* [Work to be completed]:
Write out, from the entries below, exactly the lines that run between the lines holding "then obtain b" and "mat_image (M **", inclusive, and stop there.

* [Data records]:
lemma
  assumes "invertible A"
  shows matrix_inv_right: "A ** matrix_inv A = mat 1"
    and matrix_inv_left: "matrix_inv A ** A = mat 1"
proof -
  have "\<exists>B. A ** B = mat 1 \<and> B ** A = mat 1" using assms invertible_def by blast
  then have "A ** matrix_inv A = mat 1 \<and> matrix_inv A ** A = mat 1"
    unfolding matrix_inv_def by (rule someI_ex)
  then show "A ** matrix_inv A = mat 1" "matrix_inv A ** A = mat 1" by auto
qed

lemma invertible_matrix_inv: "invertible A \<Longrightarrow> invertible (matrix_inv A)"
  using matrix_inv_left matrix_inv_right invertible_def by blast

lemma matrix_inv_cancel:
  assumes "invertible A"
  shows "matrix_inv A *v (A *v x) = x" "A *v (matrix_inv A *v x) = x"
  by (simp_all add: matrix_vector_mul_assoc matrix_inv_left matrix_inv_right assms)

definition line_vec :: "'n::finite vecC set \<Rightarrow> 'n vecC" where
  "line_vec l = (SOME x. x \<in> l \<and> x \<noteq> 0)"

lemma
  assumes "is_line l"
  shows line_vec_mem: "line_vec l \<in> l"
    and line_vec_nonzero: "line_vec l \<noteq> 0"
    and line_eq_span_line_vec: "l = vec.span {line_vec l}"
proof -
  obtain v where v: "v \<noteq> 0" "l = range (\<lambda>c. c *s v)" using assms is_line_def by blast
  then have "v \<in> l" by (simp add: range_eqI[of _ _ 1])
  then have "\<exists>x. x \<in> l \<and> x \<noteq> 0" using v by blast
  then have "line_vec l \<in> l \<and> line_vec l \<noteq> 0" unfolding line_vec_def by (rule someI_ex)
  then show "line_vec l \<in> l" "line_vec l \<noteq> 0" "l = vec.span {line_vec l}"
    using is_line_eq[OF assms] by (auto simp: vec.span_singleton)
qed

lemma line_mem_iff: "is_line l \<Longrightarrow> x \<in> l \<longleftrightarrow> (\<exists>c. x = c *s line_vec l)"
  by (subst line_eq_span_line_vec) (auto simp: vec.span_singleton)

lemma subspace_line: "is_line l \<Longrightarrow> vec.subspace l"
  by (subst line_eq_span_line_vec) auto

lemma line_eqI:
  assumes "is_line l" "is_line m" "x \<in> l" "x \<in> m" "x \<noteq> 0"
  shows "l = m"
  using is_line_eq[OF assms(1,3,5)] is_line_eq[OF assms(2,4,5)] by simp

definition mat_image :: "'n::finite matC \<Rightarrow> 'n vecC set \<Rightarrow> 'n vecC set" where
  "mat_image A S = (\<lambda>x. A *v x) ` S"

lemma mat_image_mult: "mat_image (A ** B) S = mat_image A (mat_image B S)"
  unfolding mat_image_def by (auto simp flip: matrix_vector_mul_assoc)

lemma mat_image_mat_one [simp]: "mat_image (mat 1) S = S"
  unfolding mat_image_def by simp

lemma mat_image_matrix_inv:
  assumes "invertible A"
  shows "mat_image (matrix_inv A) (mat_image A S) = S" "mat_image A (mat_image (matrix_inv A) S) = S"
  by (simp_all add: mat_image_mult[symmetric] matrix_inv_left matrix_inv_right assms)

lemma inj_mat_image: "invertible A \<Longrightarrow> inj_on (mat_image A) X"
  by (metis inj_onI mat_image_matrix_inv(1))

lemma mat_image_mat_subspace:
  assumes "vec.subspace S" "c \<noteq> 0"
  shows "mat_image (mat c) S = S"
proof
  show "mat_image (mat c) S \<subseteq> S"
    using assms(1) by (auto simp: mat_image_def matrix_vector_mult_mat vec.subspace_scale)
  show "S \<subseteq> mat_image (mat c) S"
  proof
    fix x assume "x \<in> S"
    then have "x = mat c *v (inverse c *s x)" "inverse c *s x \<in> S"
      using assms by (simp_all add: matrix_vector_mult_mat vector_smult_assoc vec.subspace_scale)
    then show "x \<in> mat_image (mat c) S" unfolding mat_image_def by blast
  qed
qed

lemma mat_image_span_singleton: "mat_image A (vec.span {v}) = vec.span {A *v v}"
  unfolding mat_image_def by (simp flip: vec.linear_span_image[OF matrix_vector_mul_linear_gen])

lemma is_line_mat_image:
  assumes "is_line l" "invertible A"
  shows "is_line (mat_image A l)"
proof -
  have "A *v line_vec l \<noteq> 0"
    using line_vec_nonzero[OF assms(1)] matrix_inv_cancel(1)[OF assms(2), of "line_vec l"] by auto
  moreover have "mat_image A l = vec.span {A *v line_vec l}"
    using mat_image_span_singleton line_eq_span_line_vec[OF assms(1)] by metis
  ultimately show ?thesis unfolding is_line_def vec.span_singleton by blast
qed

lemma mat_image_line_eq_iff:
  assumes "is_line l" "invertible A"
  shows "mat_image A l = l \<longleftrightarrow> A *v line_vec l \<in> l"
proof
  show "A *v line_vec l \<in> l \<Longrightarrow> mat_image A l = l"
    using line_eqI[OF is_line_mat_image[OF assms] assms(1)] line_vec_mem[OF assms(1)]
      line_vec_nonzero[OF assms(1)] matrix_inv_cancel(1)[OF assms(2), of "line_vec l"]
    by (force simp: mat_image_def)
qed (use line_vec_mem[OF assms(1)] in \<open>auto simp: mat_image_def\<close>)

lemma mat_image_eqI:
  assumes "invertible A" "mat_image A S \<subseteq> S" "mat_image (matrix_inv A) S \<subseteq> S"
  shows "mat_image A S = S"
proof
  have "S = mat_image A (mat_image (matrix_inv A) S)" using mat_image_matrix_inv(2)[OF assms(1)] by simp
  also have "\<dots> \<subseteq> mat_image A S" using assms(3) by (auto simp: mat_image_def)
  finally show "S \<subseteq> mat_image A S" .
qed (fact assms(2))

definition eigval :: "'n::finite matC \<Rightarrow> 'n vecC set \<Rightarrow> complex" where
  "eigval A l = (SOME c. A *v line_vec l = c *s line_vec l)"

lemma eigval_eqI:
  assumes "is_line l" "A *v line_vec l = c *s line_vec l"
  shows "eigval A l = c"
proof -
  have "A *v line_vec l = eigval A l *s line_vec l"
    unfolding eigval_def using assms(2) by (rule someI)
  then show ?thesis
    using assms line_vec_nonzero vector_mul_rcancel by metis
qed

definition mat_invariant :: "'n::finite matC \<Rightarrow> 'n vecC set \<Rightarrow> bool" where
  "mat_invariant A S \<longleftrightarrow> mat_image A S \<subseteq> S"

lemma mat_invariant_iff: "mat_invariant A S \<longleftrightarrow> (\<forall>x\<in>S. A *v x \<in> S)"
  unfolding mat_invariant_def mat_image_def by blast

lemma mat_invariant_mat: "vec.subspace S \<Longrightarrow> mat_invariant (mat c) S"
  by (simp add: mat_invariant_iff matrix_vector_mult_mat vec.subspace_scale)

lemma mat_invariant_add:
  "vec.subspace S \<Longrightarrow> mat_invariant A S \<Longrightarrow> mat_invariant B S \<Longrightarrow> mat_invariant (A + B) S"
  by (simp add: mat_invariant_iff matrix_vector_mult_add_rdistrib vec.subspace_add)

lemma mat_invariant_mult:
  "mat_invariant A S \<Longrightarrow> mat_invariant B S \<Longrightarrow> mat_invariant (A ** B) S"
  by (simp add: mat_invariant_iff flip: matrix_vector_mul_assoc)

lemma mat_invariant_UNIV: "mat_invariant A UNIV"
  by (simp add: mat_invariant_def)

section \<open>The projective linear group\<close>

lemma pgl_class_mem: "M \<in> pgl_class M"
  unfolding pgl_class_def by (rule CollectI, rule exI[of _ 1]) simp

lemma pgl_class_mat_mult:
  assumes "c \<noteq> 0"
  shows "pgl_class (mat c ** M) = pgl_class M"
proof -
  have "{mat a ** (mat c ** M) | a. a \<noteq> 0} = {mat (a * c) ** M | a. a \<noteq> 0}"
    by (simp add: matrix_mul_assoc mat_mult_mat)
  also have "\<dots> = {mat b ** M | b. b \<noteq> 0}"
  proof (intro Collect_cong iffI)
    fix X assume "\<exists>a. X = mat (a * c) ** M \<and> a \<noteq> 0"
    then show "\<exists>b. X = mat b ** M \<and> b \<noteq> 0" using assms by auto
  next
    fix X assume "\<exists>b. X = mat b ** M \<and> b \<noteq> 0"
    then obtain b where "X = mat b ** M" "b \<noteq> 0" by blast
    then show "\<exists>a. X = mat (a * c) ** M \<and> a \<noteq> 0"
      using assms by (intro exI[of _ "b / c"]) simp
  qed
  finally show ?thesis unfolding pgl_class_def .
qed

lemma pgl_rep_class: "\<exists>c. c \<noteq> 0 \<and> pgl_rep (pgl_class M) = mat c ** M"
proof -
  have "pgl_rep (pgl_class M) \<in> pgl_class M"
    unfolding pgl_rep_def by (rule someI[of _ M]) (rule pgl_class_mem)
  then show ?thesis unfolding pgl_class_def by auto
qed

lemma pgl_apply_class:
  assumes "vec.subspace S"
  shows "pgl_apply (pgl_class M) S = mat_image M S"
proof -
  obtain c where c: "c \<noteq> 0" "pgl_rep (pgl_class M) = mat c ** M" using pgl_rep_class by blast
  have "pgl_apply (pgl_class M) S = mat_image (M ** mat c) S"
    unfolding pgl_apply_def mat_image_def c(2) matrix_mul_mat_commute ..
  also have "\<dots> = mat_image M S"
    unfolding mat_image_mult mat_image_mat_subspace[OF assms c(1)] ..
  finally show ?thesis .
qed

* [Task result]:
    then obtain b where "X = mat b ** M" "b \<noteq> 0" by blast
    then show "\<exists>a. X = mat (a * c) ** M \<and> a \<noteq> 0"
      using assms by (intro exI[of _ "b / c"]) simp
  qed
  finally show ?thesis unfolding pgl_class_def .
qed

lemma pgl_rep_class: "\<exists>c. c \<noteq> 0 \<and> pgl_rep (pgl_class M) = mat c ** M"
proof -
  have "pgl_rep (pgl_class M) \<in> pgl_class M"
    unfolding pgl_rep_def by (rule someI[of _ M]) (rule pgl_class_mem)
  then show ?thesis unfolding pgl_class_def by auto
qed

lemma pgl_apply_class:
  assumes "vec.subspace S"
  shows "pgl_apply (pgl_class M) S = mat_image M S"
proof -
  obtain c where c: "c \<noteq> 0" "pgl_rep (pgl_class M) = mat c ** M" using pgl_rep_class by blast
  have "pgl_apply (pgl_class M) S = mat_image (M ** mat c) S"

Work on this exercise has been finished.